[Records supplied Boundary: Start]

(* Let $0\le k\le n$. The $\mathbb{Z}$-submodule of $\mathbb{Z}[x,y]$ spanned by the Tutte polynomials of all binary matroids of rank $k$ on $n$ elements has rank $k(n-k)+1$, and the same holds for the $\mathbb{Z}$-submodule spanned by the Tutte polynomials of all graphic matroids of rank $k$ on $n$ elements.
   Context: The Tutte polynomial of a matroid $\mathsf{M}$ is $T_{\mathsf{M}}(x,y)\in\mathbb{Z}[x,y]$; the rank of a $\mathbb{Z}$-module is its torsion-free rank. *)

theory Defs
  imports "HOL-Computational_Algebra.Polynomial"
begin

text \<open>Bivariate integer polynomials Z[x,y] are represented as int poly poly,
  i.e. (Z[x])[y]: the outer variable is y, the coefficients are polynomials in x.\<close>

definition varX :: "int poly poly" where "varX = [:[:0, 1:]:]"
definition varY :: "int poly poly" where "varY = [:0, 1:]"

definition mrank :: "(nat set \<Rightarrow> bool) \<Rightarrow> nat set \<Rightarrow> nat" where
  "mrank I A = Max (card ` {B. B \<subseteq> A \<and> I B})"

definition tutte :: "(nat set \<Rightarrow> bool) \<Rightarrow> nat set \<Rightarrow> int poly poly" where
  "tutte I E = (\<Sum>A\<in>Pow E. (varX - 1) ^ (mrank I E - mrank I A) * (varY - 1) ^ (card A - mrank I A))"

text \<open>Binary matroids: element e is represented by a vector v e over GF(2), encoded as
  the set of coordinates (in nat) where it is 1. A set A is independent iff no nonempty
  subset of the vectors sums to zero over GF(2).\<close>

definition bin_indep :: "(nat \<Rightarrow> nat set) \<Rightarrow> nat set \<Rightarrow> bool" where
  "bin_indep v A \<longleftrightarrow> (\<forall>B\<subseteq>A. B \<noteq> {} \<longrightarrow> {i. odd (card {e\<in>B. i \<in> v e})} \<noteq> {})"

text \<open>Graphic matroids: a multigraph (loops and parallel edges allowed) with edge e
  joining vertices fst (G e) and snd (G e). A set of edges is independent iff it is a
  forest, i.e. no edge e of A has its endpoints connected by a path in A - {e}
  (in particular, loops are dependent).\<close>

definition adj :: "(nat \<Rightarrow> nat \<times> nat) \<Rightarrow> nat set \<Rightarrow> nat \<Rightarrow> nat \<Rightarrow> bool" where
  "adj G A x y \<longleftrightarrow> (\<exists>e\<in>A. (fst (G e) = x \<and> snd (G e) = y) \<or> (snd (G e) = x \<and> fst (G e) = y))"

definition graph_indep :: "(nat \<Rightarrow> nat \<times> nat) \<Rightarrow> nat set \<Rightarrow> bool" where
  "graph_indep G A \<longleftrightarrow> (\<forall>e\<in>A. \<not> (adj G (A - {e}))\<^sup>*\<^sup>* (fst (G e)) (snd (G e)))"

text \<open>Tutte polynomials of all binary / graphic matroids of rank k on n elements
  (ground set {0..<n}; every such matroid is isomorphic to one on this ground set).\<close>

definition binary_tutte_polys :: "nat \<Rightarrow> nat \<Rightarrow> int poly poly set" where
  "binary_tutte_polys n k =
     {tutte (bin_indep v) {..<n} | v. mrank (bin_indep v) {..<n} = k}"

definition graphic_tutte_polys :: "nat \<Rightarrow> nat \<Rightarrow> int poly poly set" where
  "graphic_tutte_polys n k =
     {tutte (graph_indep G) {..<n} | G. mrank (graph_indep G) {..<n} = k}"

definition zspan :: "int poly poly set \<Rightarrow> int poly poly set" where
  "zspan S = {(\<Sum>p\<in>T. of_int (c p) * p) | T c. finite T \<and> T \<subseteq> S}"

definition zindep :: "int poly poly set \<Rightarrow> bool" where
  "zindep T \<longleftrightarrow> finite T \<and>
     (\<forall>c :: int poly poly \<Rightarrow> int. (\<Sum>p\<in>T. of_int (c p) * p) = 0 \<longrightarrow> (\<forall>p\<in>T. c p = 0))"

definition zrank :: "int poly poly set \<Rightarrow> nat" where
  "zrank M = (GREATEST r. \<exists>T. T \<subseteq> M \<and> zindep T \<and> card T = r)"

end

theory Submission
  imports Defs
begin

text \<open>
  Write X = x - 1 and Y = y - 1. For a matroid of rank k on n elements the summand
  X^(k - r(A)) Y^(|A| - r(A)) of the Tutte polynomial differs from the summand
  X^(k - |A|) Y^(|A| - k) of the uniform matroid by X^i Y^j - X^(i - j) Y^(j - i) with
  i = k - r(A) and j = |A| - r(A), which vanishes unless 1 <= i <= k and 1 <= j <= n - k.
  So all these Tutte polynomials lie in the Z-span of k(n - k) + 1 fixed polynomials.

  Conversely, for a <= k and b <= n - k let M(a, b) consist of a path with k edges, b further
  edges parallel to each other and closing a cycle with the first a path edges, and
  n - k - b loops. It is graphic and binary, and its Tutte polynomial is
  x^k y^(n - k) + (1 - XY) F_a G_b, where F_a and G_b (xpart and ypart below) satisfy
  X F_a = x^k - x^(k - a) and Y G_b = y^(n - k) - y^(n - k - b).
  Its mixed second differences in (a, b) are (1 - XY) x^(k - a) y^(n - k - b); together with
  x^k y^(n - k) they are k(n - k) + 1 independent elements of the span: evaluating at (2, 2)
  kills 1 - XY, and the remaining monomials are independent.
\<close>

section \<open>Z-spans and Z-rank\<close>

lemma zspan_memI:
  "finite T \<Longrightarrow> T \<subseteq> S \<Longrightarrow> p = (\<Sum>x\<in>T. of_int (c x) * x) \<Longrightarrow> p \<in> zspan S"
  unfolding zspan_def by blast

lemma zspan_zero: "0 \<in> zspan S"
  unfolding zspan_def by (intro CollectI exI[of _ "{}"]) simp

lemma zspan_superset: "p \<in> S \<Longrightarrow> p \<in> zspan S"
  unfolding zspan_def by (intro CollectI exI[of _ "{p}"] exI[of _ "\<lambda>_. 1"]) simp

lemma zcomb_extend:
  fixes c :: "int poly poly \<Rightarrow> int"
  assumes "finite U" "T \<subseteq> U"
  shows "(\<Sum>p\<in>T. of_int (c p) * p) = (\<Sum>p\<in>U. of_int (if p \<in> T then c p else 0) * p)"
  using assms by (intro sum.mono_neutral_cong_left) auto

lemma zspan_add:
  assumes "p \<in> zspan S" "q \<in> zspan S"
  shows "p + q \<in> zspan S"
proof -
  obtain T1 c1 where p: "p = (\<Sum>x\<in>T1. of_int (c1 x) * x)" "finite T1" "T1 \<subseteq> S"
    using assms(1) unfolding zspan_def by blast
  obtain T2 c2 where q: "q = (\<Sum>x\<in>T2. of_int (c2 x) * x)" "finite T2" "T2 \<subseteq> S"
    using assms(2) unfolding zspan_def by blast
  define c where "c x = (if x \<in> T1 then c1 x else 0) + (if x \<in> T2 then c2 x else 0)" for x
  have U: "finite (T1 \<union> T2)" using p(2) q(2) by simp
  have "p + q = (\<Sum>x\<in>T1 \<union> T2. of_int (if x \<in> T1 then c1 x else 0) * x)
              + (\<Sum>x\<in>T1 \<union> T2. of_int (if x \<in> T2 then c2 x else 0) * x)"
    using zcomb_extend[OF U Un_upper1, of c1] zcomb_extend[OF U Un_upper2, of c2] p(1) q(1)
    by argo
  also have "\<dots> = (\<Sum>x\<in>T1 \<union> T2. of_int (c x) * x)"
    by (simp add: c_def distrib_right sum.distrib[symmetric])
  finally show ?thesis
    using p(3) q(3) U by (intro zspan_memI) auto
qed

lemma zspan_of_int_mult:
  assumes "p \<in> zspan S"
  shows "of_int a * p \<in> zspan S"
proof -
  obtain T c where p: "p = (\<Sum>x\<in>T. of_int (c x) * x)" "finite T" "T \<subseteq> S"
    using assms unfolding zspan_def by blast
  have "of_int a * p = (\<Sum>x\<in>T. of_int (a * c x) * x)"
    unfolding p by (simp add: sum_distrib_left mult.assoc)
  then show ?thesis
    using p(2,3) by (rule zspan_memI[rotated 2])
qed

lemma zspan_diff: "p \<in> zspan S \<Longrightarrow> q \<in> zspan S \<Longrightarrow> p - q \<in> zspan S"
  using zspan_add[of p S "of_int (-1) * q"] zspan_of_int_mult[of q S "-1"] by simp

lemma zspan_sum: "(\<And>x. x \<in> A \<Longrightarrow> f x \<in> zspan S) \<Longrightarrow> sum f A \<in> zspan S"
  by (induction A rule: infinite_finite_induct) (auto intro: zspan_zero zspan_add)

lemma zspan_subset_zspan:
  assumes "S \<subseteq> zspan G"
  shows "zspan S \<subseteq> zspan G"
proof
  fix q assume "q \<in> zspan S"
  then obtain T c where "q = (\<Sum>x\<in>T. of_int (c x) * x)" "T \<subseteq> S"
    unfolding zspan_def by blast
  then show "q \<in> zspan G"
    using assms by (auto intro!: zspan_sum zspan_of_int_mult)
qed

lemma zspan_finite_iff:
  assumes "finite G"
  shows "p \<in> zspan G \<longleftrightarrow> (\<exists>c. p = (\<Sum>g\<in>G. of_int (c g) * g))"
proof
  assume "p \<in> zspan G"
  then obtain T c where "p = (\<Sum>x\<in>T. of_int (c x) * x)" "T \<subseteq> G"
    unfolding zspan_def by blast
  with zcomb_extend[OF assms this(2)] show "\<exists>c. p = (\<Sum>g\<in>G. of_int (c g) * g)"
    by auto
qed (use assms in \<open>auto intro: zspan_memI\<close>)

[Records supplied Boundary: End]

All that is needed is the opening run of the data, given again exactly: please include every line from the first through the line with "the set of coordinates", both ends kept.

(* Let $0\le k\le n$. The $\mathbb{Z}$-submodule of $\mathbb{Z}[x,y]$ spanned by the Tutte polynomials of all binary matroids of rank $k$ on $n$ elements has rank $k(n-k)+1$, and the same holds for the $\mathbb{Z}$-submodule spanned by the Tutte polynomials of all graphic matroids of rank $k$ on $n$ elements.
   Context: The Tutte polynomial of a matroid $\mathsf{M}$ is $T_{\mathsf{M}}(x,y)\in\mathbb{Z}[x,y]$; the rank of a $\mathbb{Z}$-module is its torsion-free rank. *)

theory Defs
  imports "HOL-Computational_Algebra.Polynomial"
begin

text \<open>Bivariate integer polynomials Z[x,y] are represented as int poly poly,
  i.e. (Z[x])[y]: the outer variable is y, the coefficients are polynomials in x.\<close>

definition varX :: "int poly poly" where "varX = [:[:0, 1:]:]"
definition varY :: "int poly poly" where "varY = [:0, 1:]"

definition mrank :: "(nat set \<Rightarrow> bool) \<Rightarrow> nat set \<Rightarrow> nat" where
  "mrank I A = Max (card ` {B. B \<subseteq> A \<and> I B})"

definition tutte :: "(nat set \<Rightarrow> bool) \<Rightarrow> nat set \<Rightarrow> int poly poly" where
  "tutte I E = (\<Sum>A\<in>Pow E. (varX - 1) ^ (mrank I E - mrank I A) * (varY - 1) ^ (card A - mrank I A))"

text \<open>Binary matroids: element e is represented by a vector v e over GF(2), encoded as
  the set of coordinates (in nat) where it is 1. A set A is independent iff no nonempty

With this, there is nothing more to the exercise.